## Recorded information
####
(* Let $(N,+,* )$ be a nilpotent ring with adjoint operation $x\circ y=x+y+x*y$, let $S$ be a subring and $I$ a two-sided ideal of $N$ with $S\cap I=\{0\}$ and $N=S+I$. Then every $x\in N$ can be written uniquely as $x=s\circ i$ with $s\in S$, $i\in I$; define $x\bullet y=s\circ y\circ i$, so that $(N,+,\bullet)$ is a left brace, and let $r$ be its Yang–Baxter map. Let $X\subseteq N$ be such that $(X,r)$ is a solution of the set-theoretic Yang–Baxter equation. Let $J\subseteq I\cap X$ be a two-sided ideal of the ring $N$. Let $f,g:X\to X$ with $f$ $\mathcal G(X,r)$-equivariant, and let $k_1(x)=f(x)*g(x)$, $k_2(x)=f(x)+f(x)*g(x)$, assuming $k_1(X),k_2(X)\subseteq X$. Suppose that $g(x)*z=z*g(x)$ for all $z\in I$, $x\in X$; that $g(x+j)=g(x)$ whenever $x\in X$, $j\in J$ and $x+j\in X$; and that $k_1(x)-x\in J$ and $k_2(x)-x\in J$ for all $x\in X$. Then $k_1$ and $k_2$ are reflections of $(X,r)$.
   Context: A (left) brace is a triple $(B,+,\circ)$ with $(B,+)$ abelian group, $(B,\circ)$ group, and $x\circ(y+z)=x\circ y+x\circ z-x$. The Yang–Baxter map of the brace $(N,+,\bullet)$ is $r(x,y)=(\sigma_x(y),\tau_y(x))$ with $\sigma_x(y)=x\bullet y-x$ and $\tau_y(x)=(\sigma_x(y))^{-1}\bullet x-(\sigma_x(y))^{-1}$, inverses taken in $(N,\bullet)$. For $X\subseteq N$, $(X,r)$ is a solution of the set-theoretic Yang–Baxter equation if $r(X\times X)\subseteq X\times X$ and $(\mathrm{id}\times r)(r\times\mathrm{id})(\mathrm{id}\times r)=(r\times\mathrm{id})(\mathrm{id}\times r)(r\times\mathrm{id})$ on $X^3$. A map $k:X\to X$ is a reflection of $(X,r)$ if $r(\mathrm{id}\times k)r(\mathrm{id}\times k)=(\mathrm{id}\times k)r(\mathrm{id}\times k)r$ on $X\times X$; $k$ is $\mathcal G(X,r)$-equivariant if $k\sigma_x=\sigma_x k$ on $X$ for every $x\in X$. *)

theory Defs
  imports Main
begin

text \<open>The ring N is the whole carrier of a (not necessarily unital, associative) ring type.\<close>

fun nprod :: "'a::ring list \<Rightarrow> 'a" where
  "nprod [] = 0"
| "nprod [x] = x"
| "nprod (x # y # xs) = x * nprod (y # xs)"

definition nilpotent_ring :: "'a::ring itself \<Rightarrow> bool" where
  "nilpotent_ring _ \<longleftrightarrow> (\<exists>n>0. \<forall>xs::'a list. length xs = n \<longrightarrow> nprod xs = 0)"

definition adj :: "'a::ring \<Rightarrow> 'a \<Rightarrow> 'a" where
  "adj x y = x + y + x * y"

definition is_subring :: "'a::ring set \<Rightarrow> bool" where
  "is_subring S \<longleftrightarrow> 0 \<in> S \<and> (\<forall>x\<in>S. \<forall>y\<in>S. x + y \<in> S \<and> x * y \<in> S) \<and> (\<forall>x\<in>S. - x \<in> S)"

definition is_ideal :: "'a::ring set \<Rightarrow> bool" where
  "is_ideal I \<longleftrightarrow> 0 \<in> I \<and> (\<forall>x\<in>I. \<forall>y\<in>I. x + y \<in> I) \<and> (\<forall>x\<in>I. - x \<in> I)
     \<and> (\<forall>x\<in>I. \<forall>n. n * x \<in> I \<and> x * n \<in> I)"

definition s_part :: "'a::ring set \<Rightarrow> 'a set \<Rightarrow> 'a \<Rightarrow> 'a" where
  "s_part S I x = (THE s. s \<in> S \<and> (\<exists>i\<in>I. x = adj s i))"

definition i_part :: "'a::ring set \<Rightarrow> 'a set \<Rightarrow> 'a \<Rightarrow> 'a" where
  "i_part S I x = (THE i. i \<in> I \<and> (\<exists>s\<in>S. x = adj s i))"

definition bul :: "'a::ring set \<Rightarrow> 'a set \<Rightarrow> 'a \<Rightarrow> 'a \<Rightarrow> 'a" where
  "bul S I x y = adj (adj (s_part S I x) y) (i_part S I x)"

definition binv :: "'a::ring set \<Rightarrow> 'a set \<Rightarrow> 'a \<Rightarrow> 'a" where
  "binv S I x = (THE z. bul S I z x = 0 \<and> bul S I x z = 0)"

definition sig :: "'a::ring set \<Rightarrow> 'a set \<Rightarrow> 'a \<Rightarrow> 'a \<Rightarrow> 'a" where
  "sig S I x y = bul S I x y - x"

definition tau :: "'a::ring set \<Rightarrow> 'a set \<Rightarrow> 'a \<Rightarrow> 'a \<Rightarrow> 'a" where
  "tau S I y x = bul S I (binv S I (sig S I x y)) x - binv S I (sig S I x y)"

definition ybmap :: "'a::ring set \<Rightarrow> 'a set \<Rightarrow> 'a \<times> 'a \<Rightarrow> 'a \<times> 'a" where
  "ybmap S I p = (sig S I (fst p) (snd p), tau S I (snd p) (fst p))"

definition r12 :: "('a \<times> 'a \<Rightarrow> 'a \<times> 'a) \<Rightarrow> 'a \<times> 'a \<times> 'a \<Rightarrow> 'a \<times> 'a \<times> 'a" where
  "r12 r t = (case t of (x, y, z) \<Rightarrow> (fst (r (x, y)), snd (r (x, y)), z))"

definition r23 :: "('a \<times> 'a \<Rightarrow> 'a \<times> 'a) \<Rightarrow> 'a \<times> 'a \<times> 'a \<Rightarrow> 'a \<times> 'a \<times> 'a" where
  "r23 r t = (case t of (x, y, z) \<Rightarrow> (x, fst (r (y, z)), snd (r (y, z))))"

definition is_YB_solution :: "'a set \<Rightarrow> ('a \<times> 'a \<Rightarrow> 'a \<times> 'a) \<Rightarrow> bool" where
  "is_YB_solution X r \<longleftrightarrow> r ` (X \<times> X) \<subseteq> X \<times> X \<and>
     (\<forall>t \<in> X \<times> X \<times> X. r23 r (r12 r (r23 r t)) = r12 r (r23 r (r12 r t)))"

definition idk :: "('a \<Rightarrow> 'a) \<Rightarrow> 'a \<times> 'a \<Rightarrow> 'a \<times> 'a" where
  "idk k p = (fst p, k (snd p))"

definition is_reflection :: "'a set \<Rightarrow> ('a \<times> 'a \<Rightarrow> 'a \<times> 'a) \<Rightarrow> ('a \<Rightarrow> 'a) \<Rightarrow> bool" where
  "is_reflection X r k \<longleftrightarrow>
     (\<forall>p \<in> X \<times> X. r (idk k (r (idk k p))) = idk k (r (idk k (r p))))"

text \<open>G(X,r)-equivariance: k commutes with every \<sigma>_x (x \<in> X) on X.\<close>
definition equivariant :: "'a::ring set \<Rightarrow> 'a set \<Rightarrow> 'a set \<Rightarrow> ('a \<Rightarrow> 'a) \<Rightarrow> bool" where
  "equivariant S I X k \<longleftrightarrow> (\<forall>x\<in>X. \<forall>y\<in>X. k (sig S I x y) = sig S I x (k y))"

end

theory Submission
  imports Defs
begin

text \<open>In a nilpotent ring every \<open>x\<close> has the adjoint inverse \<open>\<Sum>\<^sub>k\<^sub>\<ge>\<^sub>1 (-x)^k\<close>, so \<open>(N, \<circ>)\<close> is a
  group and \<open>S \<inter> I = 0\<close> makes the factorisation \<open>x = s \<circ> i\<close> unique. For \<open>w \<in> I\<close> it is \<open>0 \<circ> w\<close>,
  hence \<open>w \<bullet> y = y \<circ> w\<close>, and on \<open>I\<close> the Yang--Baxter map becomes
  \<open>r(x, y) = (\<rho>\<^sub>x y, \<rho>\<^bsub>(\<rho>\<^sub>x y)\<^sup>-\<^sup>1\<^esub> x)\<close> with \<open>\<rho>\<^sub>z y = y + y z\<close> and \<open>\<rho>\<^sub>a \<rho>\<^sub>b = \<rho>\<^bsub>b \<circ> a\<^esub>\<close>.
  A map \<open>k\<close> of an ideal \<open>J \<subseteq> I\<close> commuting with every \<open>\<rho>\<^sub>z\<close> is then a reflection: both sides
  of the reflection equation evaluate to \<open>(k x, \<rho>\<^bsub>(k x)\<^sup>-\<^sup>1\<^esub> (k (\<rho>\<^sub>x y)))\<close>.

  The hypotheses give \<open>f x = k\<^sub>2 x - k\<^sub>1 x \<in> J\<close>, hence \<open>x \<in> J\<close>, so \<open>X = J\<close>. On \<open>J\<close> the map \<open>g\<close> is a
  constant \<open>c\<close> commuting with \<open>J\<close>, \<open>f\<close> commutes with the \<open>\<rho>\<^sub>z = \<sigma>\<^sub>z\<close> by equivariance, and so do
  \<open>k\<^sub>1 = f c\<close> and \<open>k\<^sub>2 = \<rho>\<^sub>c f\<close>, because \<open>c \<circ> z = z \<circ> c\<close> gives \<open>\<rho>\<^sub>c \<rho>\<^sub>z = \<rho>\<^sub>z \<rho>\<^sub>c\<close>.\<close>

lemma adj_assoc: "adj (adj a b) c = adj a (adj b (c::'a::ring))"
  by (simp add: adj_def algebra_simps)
####
## Work request
All lines in the records with the string "exists" should be copied out.

## Solution for this task
  "nilpotent_ring _ \<longleftrightarrow> (\<exists>n>0. \<forall>xs::'a list. length xs = n \<longrightarrow> nprod xs = 0)"
  "s_part S I x = (THE s. s \<in> S \<and> (\<exists>i\<in>I. x = adj s i))"
  "i_part S I x = (THE i. i \<in> I \<and> (\<exists>s\<in>S. x = adj s i))"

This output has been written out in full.